:: Records for processing ::
definition pderiv_eval :: "nat \<Rightarrow> tpoly \<Rightarrow> nat \<times> nat \<times> nat \<Rightarrow> complex \<times> complex \<times> complex \<Rightarrow> complex" where
  "pderiv_eval d f = (\<lambda>(a, b, c) (x, y, z).
     \<Sum>(i, j, k)\<in>mons d. f (i, j, k) * ffact a i * ffact b j * ffact c k
        * x ^ (i - a) * y ^ (j - b) * z ^ (k - c))"

definition vanishes_to_order :: "nat \<Rightarrow> tpoly \<Rightarrow> nat \<Rightarrow> complex \<times> complex \<times> complex \<Rightarrow> bool" where
  "vanishes_to_order d f r p \<longleftrightarrow>
     (\<forall>a b c. a + b + c < r \<longrightarrow> pderiv_eval d f (a, b, c) p = 0)"

definition Bpts :: "(complex \<times> complex \<times> complex) set" where
  "Bpts = {(0, 0, 1), (0, 1, 0), (1, 0, 0), (1, 1, 1)}"

definition quad :: "complex \<Rightarrow> complex \<Rightarrow> complex \<Rightarrow> tpoly" where
  "quad a1 a2 a3 = (\<lambda>m. if m = (0, 1, 1) then a1 else if m = (1, 0, 1) then a2
                         else if m = (1, 1, 0) then a3 else 0)"

definition QB :: "tpoly set" where
  "QB = {quad a1 a2 a3 | a1 a2 a3. a1 + a2 + a3 = 0}"

text \<open>Sextics whose double cover has singularities at least D4 above each point of B,
  i.e. which vanish to order at least 3 at each point of B.\<close>
definition SB :: "tpoly set" where
  "SB = {f. homog 6 f \<and> (\<forall>p\<in>Bpts. vanishes_to_order 6 f 3 p)}"

definition zpoly :: tpoly where
  "zpoly = (\<lambda>_. 0)"

text \<open>f and g define the same point of a projective space.\<close>
definition proportional :: "tpoly \<Rightarrow> tpoly \<Rightarrow> bool" where
  "proportional f g \<longleftrightarrow> (\<exists>c. c \<noteq> 0 \<and> g = (\<lambda>m. c * f m))"

end

theory Submission
  imports Defs "HOL-Computational_Algebra.Fundamental_Theorem_Algebra" "HOL-Combinatorics.Permutations"
begin

text \<open>
  The quadric \<open>a\<^sub>1 x\<^sub>2 x\<^sub>3 + a\<^sub>2 x\<^sub>1 x\<^sub>3 - (a\<^sub>1 + a\<^sub>2) x\<^sub>1 x\<^sub>2\<close> of \<open>Q\<^sub>B\<close>
  is identified with the linear polynomial \<open>a\<^sub>1 + a\<^sub>2 X\<close>, i.e. with a binary
  linear form, so that \<open>P(Q\<^sub>B) = P\<^sup>1\<close>. Vanishing to order 3 at the three
  coordinate points forces every exponent of a sextic \<open>f \<in> S\<^sub>B\<close> to be at most 3;
  on the ten remaining monomials the conditions at \<open>[1:1:1]\<close> leave a
  4-dimensional space, parametrised by binary cubics through \<open>sextic\<close>. A direct
  computation shows that \<open>q\<^sub>1 q\<^sub>2 q\<^sub>3\<close> corresponds to the product of the three
  linear polynomials, so the product map is multiplication of binary forms
  \<open>(P\<^sup>1)\<^sup>3 \<rightarrow> P(Sym\<^sup>3) = P\<^sup>3\<close>. It is onto because every cubic splits
  over \<open>\<complex>\<close>, and its fibres are the \<open>S\<^sub>3\<close>-orbits by unique factorisation
  into linear forms, where a constant factor stands for a root at infinity.
\<close>

section \<open>Products of linear polynomials\<close>

lemma linear_poly_eq: "degree p \<le> 1 \<Longrightarrow> p = [:coeff p 0, coeff p 1:]"
  by (rule poly_eqI) (auto simp: coeff_pCons coeff_eq_0 split: nat.split)

lemma poly_linear: "degree p \<le> 1 \<Longrightarrow> poly p x = coeff p 0 + coeff p 1 * x"
  by (metis linear_poly_eq mult.commute poly_pCons poly_0 add_0_right mult_zero_right)

lemma poly_eq_iff_coeffs_upto:
  assumes "degree P \<le> n" "degree Q \<le> n"
  shows "P = Q \<longleftrightarrow> (\<forall>i\<le>n. coeff P i = coeff Q i)"
proof
  assume coeffs: "\<forall>i\<le>n. coeff P i = coeff Q i"
  show "P = Q"
  proof (rule poly_eqI)
    fix i
    show "coeff P i = coeff Q i"
      using coeffs assms by (cases "i \<le> n") (simp_all add: coeff_eq_0)
  qed
qed simp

:: Task requirements ::
Set down all of the data above, word for word.

:: Answer to the exercise ::
definition pderiv_eval :: "nat \<Rightarrow> tpoly \<Rightarrow> nat \<times> nat \<times> nat \<Rightarrow> complex \<times> complex \<times> complex \<Rightarrow> complex" where
  "pderiv_eval d f = (\<lambda>(a, b, c) (x, y, z).
     \<Sum>(i, j, k)\<in>mons d. f (i, j, k) * ffact a i * ffact b j * ffact c k
        * x ^ (i - a) * y ^ (j - b) * z ^ (k - c))"

definition vanishes_to_order :: "nat \<Rightarrow> tpoly \<Rightarrow> nat \<Rightarrow> complex \<times> complex \<times> complex \<Rightarrow> bool" where
  "vanishes_to_order d f r p \<longleftrightarrow>
     (\<forall>a b c. a + b + c < r \<longrightarrow> pderiv_eval d f (a, b, c) p = 0)"

definition Bpts :: "(complex \<times> complex \<times> complex) set" where
  "Bpts = {(0, 0, 1), (0, 1, 0), (1, 0, 0), (1, 1, 1)}"

definition quad :: "complex \<Rightarrow> complex \<Rightarrow> complex \<Rightarrow> tpoly" where
  "quad a1 a2 a3 = (\<lambda>m. if m = (0, 1, 1) then a1 else if m = (1, 0, 1) then a2
                         else if m = (1, 1, 0) then a3 else 0)"

definition QB :: "tpoly set" where
  "QB = {quad a1 a2 a3 | a1 a2 a3. a1 + a2 + a3 = 0}"

text \<open>Sextics whose double cover has singularities at least D4 above each point of B,
  i.e. which vanish to order at least 3 at each point of B.\<close>
definition SB :: "tpoly set" where
  "SB = {f. homog 6 f \<and> (\<forall>p\<in>Bpts. vanishes_to_order 6 f 3 p)}"

definition zpoly :: tpoly where
  "zpoly = (\<lambda>_. 0)"

text \<open>f and g define the same point of a projective space.\<close>
definition proportional :: "tpoly \<Rightarrow> tpoly \<Rightarrow> bool" where
  "proportional f g \<longleftrightarrow> (\<exists>c. c \<noteq> 0 \<and> g = (\<lambda>m. c * f m))"

end

theory Submission
  imports Defs "HOL-Computational_Algebra.Fundamental_Theorem_Algebra" "HOL-Combinatorics.Permutations"
begin

text \<open>
  The quadric \<open>a\<^sub>1 x\<^sub>2 x\<^sub>3 + a\<^sub>2 x\<^sub>1 x\<^sub>3 - (a\<^sub>1 + a\<^sub>2) x\<^sub>1 x\<^sub>2\<close> of \<open>Q\<^sub>B\<close>
  is identified with the linear polynomial \<open>a\<^sub>1 + a\<^sub>2 X\<close>, i.e. with a binary
  linear form, so that \<open>P(Q\<^sub>B) = P\<^sup>1\<close>. Vanishing to order 3 at the three
  coordinate points forces every exponent of a sextic \<open>f \<in> S\<^sub>B\<close> to be at most 3;
  on the ten remaining monomials the conditions at \<open>[1:1:1]\<close> leave a
  4-dimensional space, parametrised by binary cubics through \<open>sextic\<close>. A direct
  computation shows that \<open>q\<^sub>1 q\<^sub>2 q\<^sub>3\<close> corresponds to the product of the three
  linear polynomials, so the product map is multiplication of binary forms
  \<open>(P\<^sup>1)\<^sup>3 \<rightarrow> P(Sym\<^sup>3) = P\<^sup>3\<close>. It is onto because every cubic splits
  over \<open>\<complex>\<close>, and its fibres are the \<open>S\<^sub>3\<close>-orbits by unique factorisation
  into linear forms, where a constant factor stands for a root at infinity.
\<close>

section \<open>Products of linear polynomials\<close>

lemma linear_poly_eq: "degree p \<le> 1 \<Longrightarrow> p = [:coeff p 0, coeff p 1:]"
  by (rule poly_eqI) (auto simp: coeff_pCons coeff_eq_0 split: nat.split)

lemma poly_linear: "degree p \<le> 1 \<Longrightarrow> poly p x = coeff p 0 + coeff p 1 * x"
  by (metis linear_poly_eq mult.commute poly_pCons poly_0 add_0_right mult_zero_right)

lemma poly_eq_iff_coeffs_upto:
  assumes "degree P \<le> n" "degree Q \<le> n"
  shows "P = Q \<longleftrightarrow> (\<forall>i\<le>n. coeff P i = coeff Q i)"
proof
  assume coeffs: "\<forall>i\<le>n. coeff P i = coeff Q i"
  show "P = Q"
  proof (rule poly_eqI)
    fix i
    show "coeff P i = coeff Q i"
      using coeffs assms by (cases "i \<le> n") (simp_all add: coeff_eq_0)
  qed
qed simp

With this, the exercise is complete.